Caroline Summers, c.e.o. of virtual wholesaler Paperback Shop, said: “The energy crisis is something which is going to hit us all next year and those of us with a smaller premises footprint are going to be able to manage these exorbitant increases better.
“For the price increases we have seen this year in packaging, with cardboard and paper costs rising by 50%, we have absorbed many of these without having to increase prices to consumers. However, given the increasing fuel and Covid surcharges we are seeing levied on us by carriers, we will have to look closely at our pricing models to ensure they provide the commercial assurance we require. We are all being told that prices will have to increase to combat this, and while with my consumer hat on I do not like it, I understand this if I want to purchase a particular product.”
As noted by publishers who spoke to The Bookseller on the issue, the trade must adhere to UK competition law and avoid anything that resembles price-fixing when book costs are discussed.
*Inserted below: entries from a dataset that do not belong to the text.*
(* Let $\tau\ge1$ and consider two candidates $P,Q$. Weighted Majority Rule 1 (defined in the context) has distortion at most $\max\big\{\frac{\tau+2}{\tau},\frac{3\tau-1}{\tau+1}\big\}$; i.e., for every instance, if it selects $P$ then $SC(P)\le\max\{\frac{\tau+2}{\tau},\frac{3\tau-1}{\tau+1}\}\,SC(Q)$.
   Context: Voters $N=\{1,\dots,n\}$ and candidates are points of an arbitrary metric space $(X,d)$. Voter $i$ prefers $P$ to $Q$ only if $d(i,P)\le d(i,Q)$, with preference strength $\alpha_i^{PQ}=d(i,Q)/d(i,P)\ge1$. $SC(Y)=\sum_{i\in N}d(i,Y)$. For two candidates $P,Q$ and a threshold $\tau$, the information available is every voter's preferred candidate and whether that voter's preference strength is $>\tau$ (strong) or $\le\tau$ (weak). Let $A_2$ ($A_1$) be the voters preferring $P$ with strength $>\tau$ ($\le\tau$), and $B_2$ ($B_1$) the voters preferring $Q$ with strength $>\tau$ ($\le\tau$). Weighted Majority Rule 1: if $\tau\ge\sqrt2+1$, give weight $\frac{\tau+1}{\tau-1}$ to each strong voter and weight $1$ to each weak voter; if $\tau<\sqrt2+1$, give weight $\tau$ to each strong voter and weight $1$ to each weak voter. Select $P$ if the total weight of voters preferring $P$ is at least that of voters preferring $Q$ (i.e. $w|A_2|+|A_1|\ge |B_1|+w|B_2|$ for the appropriate strong weight $w$), and $Q$ otherwise (ties may be broken arbitrarily). *)

theory Defs
  imports "HOL-Analysis.Analysis" "HOL-Library.Extended_Real"
begin

text \<open>Preference strength of a voter located at x for P over Q: d(x,Q)/d(x,P),
  with the conventions c/0 = infinity for c > 0 and 0/0 = 1 (indifference).\<close>
definition strength :: "('a \<Rightarrow> 'a \<Rightarrow> real) \<Rightarrow> 'a \<Rightarrow> 'a \<Rightarrow> 'a \<Rightarrow> ereal" where
  "strength d x P Q =
     (if d x P = 0 then (if d x Q = 0 then 1 else \<infinity>) else ereal (d x Q / d x P))"

definition SC :: "('a \<Rightarrow> 'a \<Rightarrow> real) \<Rightarrow> 'i set \<Rightarrow> ('i \<Rightarrow> 'a) \<Rightarrow> 'a \<Rightarrow> real" where
  "SC d N v Y = (\<Sum>i\<in>N. d (v i) Y)"

definition wmr1_weight :: "real \<Rightarrow> real" where
  "wmr1_weight \<tau> = (if \<tau> \<ge> sqrt 2 + 1 then (\<tau> + 1) / (\<tau> - 1) else \<tau>)"

definition A2 where "A2 d N v prefP \<tau> P Q = {i\<in>N. prefP i \<and> strength d (v i) P Q > ereal \<tau>}"
definition A1 where "A1 d N v prefP \<tau> P Q = {i\<in>N. prefP i \<and> strength d (v i) P Q \<le> ereal \<tau>}"
definition B2 where "B2 d N v prefP \<tau> P Q = {i\<in>N. \<not> prefP i \<and> strength d (v i) Q P > ereal \<tau>}"
definition B1 where "B1 d N v prefP \<tau> P Q = {i\<in>N. \<not> prefP i \<and> strength d (v i) Q P \<le> ereal \<tau>}"

text \<open>Weighted Majority Rule 1 (may) select P: weight of P-supporters is at least that of Q-supporters.\<close>
definition wmr1_selects_P ::
  "('a \<Rightarrow> 'a \<Rightarrow> real) \<Rightarrow> 'i set \<Rightarrow> ('i \<Rightarrow> 'a) \<Rightarrow> ('i \<Rightarrow> bool) \<Rightarrow> real \<Rightarrow> 'a \<Rightarrow> 'a \<Rightarrow> bool" where
  "wmr1_selects_P d N v prefP \<tau> P Q \<longleftrightarrow>
     wmr1_weight \<tau> * real (card (A2 d N v prefP \<tau> P Q)) + real (card (A1 d N v prefP \<tau> P Q))
     \<ge> real (card (B1 d N v prefP \<tau> P Q)) + wmr1_weight \<tau> * real (card (B2 d N v prefP \<tau> P Q))"

end

theory Submission imports Defs begin

text \<open>Write \<open>c\<close> for the distortion bound, \<open>w\<close> for the weight of a strong voter and \<open>D = d(P,Q)\<close>.
  Every voter \<open>i\<close> satisfies \<open>d(i,P) - c d(i,Q) \<le> (D / w) s\<^sub>i\<close>, where \<open>s\<^sub>i\<close> is \<open>i\<close>'s vote
  counted negatively for \<open>P\<close> and positively for \<open>Q\<close>; this uses only the triangle inequality and
  the information whether \<open>i\<close>'s preference is strong. Summing over all voters,
  \<open>SC(P) - c SC(Q) \<le> (D / w) \<Sum>\<^sub>i s\<^sub>i\<close>, and \<open>\<Sum>\<^sub>i s\<^sub>i \<le> 0\<close> is precisely the
  condition under which the rule selects \<open>P\<close>.\<close>

definition wmr1_distortion :: "real \<Rightarrow> real" where
  "wmr1_distortion \<tau> = max ((\<tau> + 2) / \<tau>) ((3 * \<tau> - 1) / (\<tau> + 1))"

definition wmr1_signed_vote ::
  "('a \<Rightarrow> 'a \<Rightarrow> real) \<Rightarrow> 'a \<Rightarrow> bool \<Rightarrow> real \<Rightarrow> 'a \<Rightarrow> 'a \<Rightarrow> real" where
  "wmr1_signed_vote d x prefers_P \<tau> P Q =
     (if prefers_P then - (if strength d x P Q > ereal \<tau> then wmr1_weight \<tau> else 1)
      else (if strength d x Q P > ereal \<tau> then wmr1_weight \<tau> else 1))"

lemma strength_gt_imp_mult_le:
  assumes "strength d x P Q > ereal t" "0 \<le> d x P" "0 \<le> d x Q"
  shows "t * d x P \<le> d x Q"
proof (cases "d x P = 0")
  case False
  hence "t < d x Q / d x P" using assms(1) by (simp add: strength_def)
  thus ?thesis using False assms(2) by (simp add: field_simps)
qed (use assms in simp)

lemma strength_le_imp_le_mult:
  assumes "strength d x Q P \<le> ereal t" "0 \<le> d x P" "0 \<le> d x Q"
  shows "d x P \<le> t * d x Q"
proof (cases "d x Q = 0")
  case False
  hence "d x P / d x Q \<le> t" using assms(1) by (simp add: strength_def)
  thus ?thesis using False assms(3) by (simp add: field_simps)
qed (use assms in \<open>auto simp: strength_def split: if_splits\<close>)

lemma one_less_sqrt_2: "1 < sqrt (2 :: real)"
  by simp

lemma wmr1_weight_pos:
  assumes "1 \<le> \<tau>"
  shows "0 < wmr1_weight \<tau>"
proof (cases "\<tau> \<ge> sqrt 2 + 1")
  case True
  hence "1 < \<tau>" using one_less_sqrt_2 by linarith
  thus ?thesis using True by (simp add: wmr1_weight_def)
qed (use assms in \<open>simp add: wmr1_weight_def\<close>)

lemma wmr1_distortion_mult_ge: "0 < \<tau> \<Longrightarrow> \<tau> + 2 \<le> wmr1_distortion \<tau> * \<tau>"
  unfolding wmr1_distortion_def by (simp add: mult.commute max_def field_simps)

lemma wmr1_distortion_ge_1: "0 < \<tau> \<Longrightarrow> 1 \<le> wmr1_distortion \<tau>"
proof -
  assume "0 < \<tau>"
  hence "1 \<le> (\<tau> + 2) / \<tau>" by simp
  thus ?thesis by (simp add: wmr1_distortion_def le_max_iff_disj)
qed

lemma wmr1_distortion_ge_weak_P:
  assumes "1 \<le> \<tau>"
  shows "1 + 2 / wmr1_weight \<tau> \<le> wmr1_distortion \<tau>"
proof (cases "\<tau> \<ge> sqrt 2 + 1")
  case True
  hence "1 < \<tau>" using one_less_sqrt_2 by linarith
  hence "1 + 2 / wmr1_weight \<tau> = (3 * \<tau> - 1) / (\<tau> + 1)"
    using True by (simp add: wmr1_weight_def field_simps)
  thus ?thesis by (simp add: wmr1_distortion_def)
next
  case False
  hence "1 + 2 / wmr1_weight \<tau> = (\<tau> + 2) / \<tau>"
    using assms by (simp add: wmr1_weight_def field_simps)
  thus ?thesis by (simp add: wmr1_distortion_def)
qed

lemma wmr1_distortion_ge_weak_Q:
  assumes "1 \<le> \<tau>"
  shows "(\<tau> - wmr1_distortion \<tau>) * wmr1_weight \<tau> \<le> \<tau> - 1"
proof (cases "\<tau> \<ge> sqrt 2 + 1")
  case True
  hence "1 < \<tau>" using one_less_sqrt_2 by linarith
  have "(3 * \<tau> - 1) / (\<tau> + 1) \<le> wmr1_distortion \<tau>"
    by (simp add: wmr1_distortion_def)
  hence "3 * \<tau> - 1 \<le> wmr1_distortion \<tau> * (\<tau> + 1)"
    using assms by (simp add: pos_divide_le_eq)
  hence "(\<tau> - wmr1_distortion \<tau>) * (\<tau> + 1) \<le> (\<tau> - 1) * (\<tau> - 1)"
    by (simp add: algebra_simps)
  thus ?thesis using True \<open>1 < \<tau>\<close> by (simp add: wmr1_weight_def field_simps)
next
  case False
  \<comment> \<open>below the threshold \<open>\<tau>\<^sup>2 - 2\<tau> - 1 < 0\<close>, i.e. \<open>(\<tau> - 1)\<^sup>2 < 2\<close>\<close>
  hence "(\<tau> - 1)\<^sup>2 < (sqrt 2)\<^sup>2" using assms by (intro power_strict_mono) auto
  hence "(\<tau> - 1)\<^sup>2 < 2" by simp
  thus ?thesis
    using False wmr1_distortion_mult_ge[of \<tau>] assms
    by (simp add: wmr1_weight_def power2_eq_square algebra_simps)
qed

text \<open>In the four lemmas below \<open>x = d(i,P)\<close>, \<open>y = d(i,Q)\<close> and \<open>D = d(P,Q)\<close>.\<close>

lemma strong_P_supporter_bound:
  fixes x y D c t :: real
  assumes "0 \<le> x" "t * x \<le> y" "D \<le> x + y" "t + 2 \<le> c * t" "1 \<le> t"
  shows "x - c * y \<le> - D"
proof -
  have "0 \<le> y" using assms(1,2,5) by (meson order.trans mult_nonneg_nonneg zero_le_one)
  hence "(t + 2) * y \<le> (c * t) * y" using assms(4) by (simp add: mult_right_mono)
  hence "t * (2 * x + y) \<le> t * (c * y)" using assms(2) by (simp add: algebra_simps)
  hence "2 * x + y \<le> c * y" using assms(5) by simp
  thus ?thesis using assms(3) by linarith
qed

lemma weak_P_supporter_bound:
  fixes x y D c w :: real
  assumes "x \<le> y" "0 \<le> D" "D \<le> x + y" "1 + 2 / w \<le> c" "0 < w"
  shows "x - c * y \<le> - D / w"
proof -
  have "D / 2 \<le> y" using assms(1,3) by linarith
  hence "(2 / w) * (D / 2) \<le> (c - 1) * y"
    using assms(2,4,5) by (intro mult_mono') auto
  thus ?thesis using assms(1) by (simp add: algebra_simps)
qed

lemma weak_Q_supporter_bound:
  fixes x y D c w t :: real
  assumes "x \<le> t * y" "x \<le> y + D" "0 \<le> y" "0 \<le> D" "0 < w" "1 \<le> c"
    and "(t - c) * w \<le> t - 1"
  shows "x - c * y \<le> D / w"
proof (cases "t \<le> c")
  case True
  hence "t * y \<le> c * y" using assms(3) by (rule mult_right_mono)
  moreover have "0 \<le> D / w" using assms(4,5) by simp
  ultimately show ?thesis using assms(1) by linarith
next
  case False
  hence "1 < t" using assms(6) by linarith
  \<comment> \<open>\<open>x - c y\<close> is a combination of \<open>x - t y \<le> 0\<close> and \<open>x - y \<le> D\<close>\<close>
  have "(t - 1) * (x - c * y) = (c - 1) * (x - t * y) + (t - c) * (x - y)"
    by (simp add: algebra_simps)
  also have "\<dots> \<le> (t - c) * D"
  proof -
    have "(c - 1) * (x - t * y) \<le> 0" using assms(1,6) by (simp add: mult_nonneg_nonpos)
    moreover have "(t - c) * (x - y) \<le> (t - c) * D"
      using assms(2) False by (intro mult_left_mono) auto
    ultimately show ?thesis by linarith
  qed
  also have "\<dots> \<le> (t - 1) * (D / w)"
  proof -
    have "(t - c) * w * D \<le> (t - 1) * D" using assms(7,4) by (rule mult_right_mono)
    thus ?thesis using assms(5) by (simp add: field_simps)
  qed
  finally show ?thesis using \<open>1 < t\<close> by (simp only: mult_le_cancel_left_pos)
qed

lemma strong_Q_supporter_bound:
  fixes x y D c :: real
  assumes "x \<le> y + D" "0 \<le> y" "1 \<le> c"
  shows "x - c * y \<le> D"
  using assms mult_right_mono[OF assms(3,2)] by simp

lemma wmr1_voter_bound:
  assumes "Metric_space M d" "x \<in> M" "P \<in> M" "Q \<in> M" "1 \<le> \<tau>"
    and "prefers_P \<Longrightarrow> d x P \<le> d x Q" "\<not> prefers_P \<Longrightarrow> d x Q \<le> d x P"
  shows "d x P - wmr1_distortion \<tau> * d x Q
           \<le> d P Q / wmr1_weight \<tau> * wmr1_signed_vote d x prefers_P \<tau> P Q"
proof -
  interpret Metric_space M d by fact
  define c where "c = wmr1_distortion \<tau>"
  define w where "w = wmr1_weight \<tau>"
  have "0 < w" using assms(5) by (simp add: w_def wmr1_weight_pos)
  have "1 \<le> c" using assms(5) by (simp add: c_def wmr1_distortion_ge_1)
  have "0 \<le> d x P" "0 \<le> d x Q" "0 \<le> d P Q" by simp_all
  have tri_PQ: "d P Q \<le> d x P + d x Q" using triangle''[OF assms(3,2,4)] .
  have tri_Q: "d x P \<le> d x Q + d P Q" using triangle'[OF assms(2,4,3)] .
  show ?thesis
  proof (cases prefers_P)
    case True
    show ?thesis
    proof (cases "strength d x P Q > ereal \<tau>")
      case strong: True
      have "d x P - c * d x Q \<le> - d P Q"
        using strong_P_supporter_bound strength_gt_imp_mult_le[OF strong] tri_PQ
          wmr1_distortion_mult_ge assms(5) \<open>0 \<le> d x P\<close> \<open>0 \<le> d x Q\<close>
        by (simp add: c_def)
      thus ?thesis using True strong \<open>0 < w\<close>
        by (simp add: wmr1_signed_vote_def c_def w_def)
    next
      case False
      have "d x P - c * d x Q \<le> - d P Q / w"
        using weak_P_supporter_bound assms(6)[OF True] \<open>0 \<le> d P Q\<close> tri_PQ
          wmr1_distortion_ge_weak_P[OF assms(5)] \<open>0 < w\<close>
        by (simp add: c_def w_def)
      thus ?thesis using True False by (simp add: wmr1_signed_vote_def c_def w_def)
    qed
  next
    case False
    show ?thesis
    proof (cases "strength d x Q P > ereal \<tau>")
      case True
      have "d x P - c * d x Q \<le> d P Q"
        using strong_Q_supporter_bound[OF tri_Q \<open>0 \<le> d x Q\<close> \<open>1 \<le> c\<close>] .
      thus ?thesis using False True \<open>0 < w\<close> by (simp add: wmr1_signed_vote_def c_def w_def)
    next
      case weak: False
      hence "strength d x Q P \<le> ereal \<tau>" by (simp add: not_less)
      hence "d x P \<le> \<tau> * d x Q"
        using \<open>0 \<le> d x P\<close> \<open>0 \<le> d x Q\<close> by (rule strength_le_imp_le_mult)
      hence "d x P - c * d x Q \<le> d P Q / w"
        using weak_Q_supporter_bound tri_Q \<open>0 \<le> d x Q\<close> \<open>0 \<le> d P Q\<close> \<open>0 < w\<close> \<open>1 \<le> c\<close>
          wmr1_distortion_ge_weak_Q[OF assms(5)]
        by (simp add: c_def w_def)
      thus ?thesis using False weak by (simp add: wmr1_signed_vote_def c_def w_def)
    qed
  qed
qed

lemma sum_wmr1_signed_vote:
  assumes "finite N"
  shows "(\<Sum>i\<in>N. wmr1_signed_vote d (v i) (prefP i) \<tau> P Q)
     = real (card (B1 d N v prefP \<tau> P Q)) + wmr1_weight \<tau> * real (card (B2 d N v prefP \<tau> P Q))
       - (wmr1_weight \<tau> * real (card (A2 d N v prefP \<tau> P Q)) + real (card (A1 d N v prefP \<tau> P Q)))"
proof -
  let ?strongP = "{i. ereal \<tau> < strength d (v i) P Q}" and ?strongQ = "{i. ereal \<tau> < strength d (v i) Q P}"
  have "N \<inter> Collect prefP \<inter> ?strongP = A2 d N v prefP \<tau> P Q"
    "N \<inter> Collect prefP \<inter> - ?strongP = A1 d N v prefP \<tau> P Q"
    "N \<inter> - Collect prefP \<inter> ?strongQ = B2 d N v prefP \<tau> P Q"
    "N \<inter> - Collect prefP \<inter> - ?strongQ = B1 d N v prefP \<tau> P Q"
    by (auto simp: A1_def A2_def B1_def B2_def not_less)
  thus ?thesis
    using assms by (simp add: wmr1_signed_vote_def sum.If_cases sum_negf)
qed

theorem mainTheorem3:
  fixes M :: "'a set" and d :: "'a \<Rightarrow> 'a \<Rightarrow> real"
    and N :: "'i set" and v :: "'i \<Rightarrow> 'a" and prefP :: "'i \<Rightarrow> bool"
    and \<tau> :: real and P Q :: 'a
  assumes "Metric_space M d"
    and "finite N"
    and "\<forall>i\<in>N. v i \<in> M"
    and "P \<in> M" and "Q \<in> M"
    and "\<tau> \<ge> 1"
    and "\<forall>i\<in>N. prefP i \<longrightarrow> d (v i) P \<le> d (v i) Q"
    and "\<forall>i\<in>N. \<not> prefP i \<longrightarrow> d (v i) Q \<le> d (v i) P"
    and "wmr1_selects_P d N v prefP \<tau> P Q"
  shows "SC d N v P \<le> max ((\<tau> + 2) / \<tau>) ((3 * \<tau> - 1) / (\<tau> + 1)) * SC d N v Q"
proof -
  let ?c = "wmr1_distortion \<tau>" and ?s = "\<lambda>i. wmr1_signed_vote d (v i) (prefP i) \<tau> P Q"
  have "SC d N v P - ?c * SC d N v Q = (\<Sum>i\<in>N. d (v i) P - ?c * d (v i) Q)"
    by (simp add: SC_def sum_subtractf sum_distrib_left)
  also have "\<dots> \<le> (\<Sum>i\<in>N. d P Q / wmr1_weight \<tau> * ?s i)"
    using assms(1,3-8) by (intro sum_mono wmr1_voter_bound) auto
  also have "\<dots> = d P Q / wmr1_weight \<tau> * (\<Sum>i\<in>N. ?s i)"
    by (simp add: sum_distrib_left)
  also have "\<dots> \<le> 0"
  proof (rule mult_nonneg_nonpos)
    show "0 \<le> d P Q / wmr1_weight \<tau>"
      using assms(1,6) wmr1_weight_pos Metric_space.nonneg by fastforce
    show "(\<Sum>i\<in>N. ?s i) \<le> 0"
      using assms(9) by (simp add: sum_wmr1_signed_vote[OF assms(2)] wmr1_selects_P_def)
  qed
  finally show ?thesis by (simp add: wmr1_distortion_def)
qed

end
The Publishers Association explains the position thus: “Any information that might signal future commercial strategy to the market or enable a competitor to change its own competitive strategy is competitively sensitive, and its exchange (between competitors) is restricted by competition law.
“This includes, among other things, information on pricing (including future r.r.p.) and pricing strategies, input costs, launch strategies, upcoming promotions, distribution practices, conditions of supply, and confidential terms and conditions of business.”
Andre Breedt, m.d. of Nielsen Book, told The Bookseller that the factors pushing costs up for the industry were likely to last “an extended period of time”. He said: “If you look at all the background and subtle changes in costs, increases in prices are inevitable. The question is how much, for how long—and how much do various businesses pass on to the end consumer?”